Post-merger LIGO data[edit]

Does the LIGO data from after a black hole merger support either one of the following, and if so does that resolve the inner lives of black holes?

  • Post-merger two point masses continue into each other and become a single point mass

or

  • Post-merger two blobs simply become one big blob with no further evolution.

Hcobb (talk) 00:16, 27 June 2018 (UTC)[reply]
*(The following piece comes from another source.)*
(* Let $\mathscr T$ be a functor satisfying (T1)–(T4) and let $\mathfrak K=(K,\bigsqcup,\odot,{}^*,{\sim},e)$ be a $\mathscr T$-based orthomodular dynamic algebra. Then for each $k\in K$ there exists a unique subset $S\subseteq\mathscr T(K)$ with $k=\bigsqcup S$.
   Context: An involutive unital quantale is $(Q,\bigsqcup,\odot,{}^*,e)$: $Q$ a complete join-semilattice, $\odot$ associative and distributing over arbitrary joins in each argument, $e$ a unit, ${}^*$ with $x^{**}=x$, $(x\odot y)^*=y^*\odot x^*$, $(\bigsqcup x_i)^*=\bigsqcup x_i^*$. An involutive generalized dynamic algebra (IDA) is such a quantale with ${\sim}\colon K\to K$ satisfying, for all $x,y$ and families $(x_i)$: ${\sim}(x\odot{\sim}{\sim}y)={\sim}(x\odot y)$; ${\sim}(\bigsqcup{\sim}{\sim}x_i)={\sim}(\bigsqcup x_i)$; $({\sim}x)^*={\sim}x$; ${\sim}{\sim}({\sim}{\sim}x\odot y)={\sim}({\sim}x\sqcup{\sim}({\sim}x\sqcup y))$. Test set $\widetilde K=\{{\sim}k\}$; $\bigvee W={\sim}{\sim}\bigsqcup W$; $w^\perp={\sim}w$; $k\preceq l$ iff $\bigvee\{k,l\}=l$; $k\bullet v={\sim}{\sim}(k\odot v)$; $k\equiv l$ iff $k\bullet w=l\bullet w$ for all $w\in\widetilde K$. IDA morphisms preserve joins, $\odot$, ${}^*$, unit, ${\sim}$ (category $\mathbb{IDA}$); semi-Foulis means $(\widetilde K,\preceq,{}^\perp)$ is a complete orthomodular lattice. $\mathbb{IM}$: involutive monoids and their homomorphisms. For a complete orthomodular lattice $\mathcal M$: $\pi_m(x)=m\wedge(m^\perp\vee x)$; $\mathbf{Lin}(\mathcal M)$ is the set of maps $f$ admitting $f^*$ with $f(x)\le y^\perp\iff x\le f^*(y)^\perp$, an IDA under pointwise joins, composition, ${}^*$, $\mathrm{id}$ and ${\sim}f=\pi_{f(1)^\perp}$; for an involutive submonoid $L\supseteq\{\pi_m\}$, $\mathscr P(L)$ is the IDA of subsets of $L$ with union, setwise composition and involution, unit $\{\mathrm{id}\}$, ${\sim}A=\{\pi_{(\bigvee_{a\in A}a(1))^\perp}\}$. $\mathscr T\colon\mathbb{IDA}\to\mathbb{IM}$ satisfies: (T1) $\widetilde K\subseteq\mathscr T(K)\subseteq K$ and $\mathscr T(K)$ is an involutive submonoid of $(K,\odot,{}^*,e)$; (T2) for semi-Foulis $\mathfrak K$ with $s=t\iff s\equiv t$ on $\mathscr T(K)$, $k\mapsto k\bullet(-)$ is an isomorphism $\mathscr T(\mathfrak K)\to\mathscr T(\mathbf{Lin}(\widetilde{\mathfrak K}))$; (T3) $f\mapsto\{f\}$ is an isomorphism $\mathscr T(\mathbf{Lin}(\mathcal M))\to\mathscr T(\mathscr P(\mathscr T(\mathbf{Lin}(\mathcal M))))$; (T4) $\mathscr T(f)$ is the restriction of $f$. A $\mathscr T$-based orthomodular dynamic algebra is an IDA with: (TODA1) $(\widetilde K,\preceq,{}^\perp)$ a complete orthomodular lattice; (TODA2) every $A$ with $\mathscr T(K)\subseteq A\subseteq K$ closed under $\odot$, ${}^*$, arbitrary joins equals $K$; (TODA3) for $S,T\subseteq\mathscr T(K)$, $\bigsqcup S=\bigsqcup T$ iff $S=T$; (TODA4) for $s,t\in\mathscr T(K)$, $s=t$ iff $s\equiv t$. *)

theory Defs
  imports Main
begin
Define "post-merger". The LIGO data fits extremely well with the inspiral-merger-ringdown model that was constructed from numerical simulations of general relativity. The black holes don't instantly become one sphere after their horizons touch - a thread forms between them that expands, and the black hole becomes an elongated sphere, which then oscillates between that and a flattened sphere, emitting more gravitational waves until it settles into a final state. You can never observe events occurring beyond the event horizon, and if such a thing was consistent with LIGO data, you can bet there would be a lot of noise about that. Someguy1221 (talk) 01:12, 27 June 2018 (UTC)[reply]
Our article is at binary black hole. The ring down phase gets exponentially weaker over time, and it should really be gravitationally red shifted for ever. So basically the signal gets too weak to detect, and there is no detection of anythiing inside the event horizons. Graeme Bartlett (talk) 01:52, 28 June 2018 (UTC)[reply]

Electrons[edit]

I'm looking for evidence that the electron is not in fact a particle but a bundle of electromagmetic energy vibrating at the speed of light. Can anyone refer me? 80.2.21.17 (talk) 01:39, 27 June 2018 (UTC)[reply]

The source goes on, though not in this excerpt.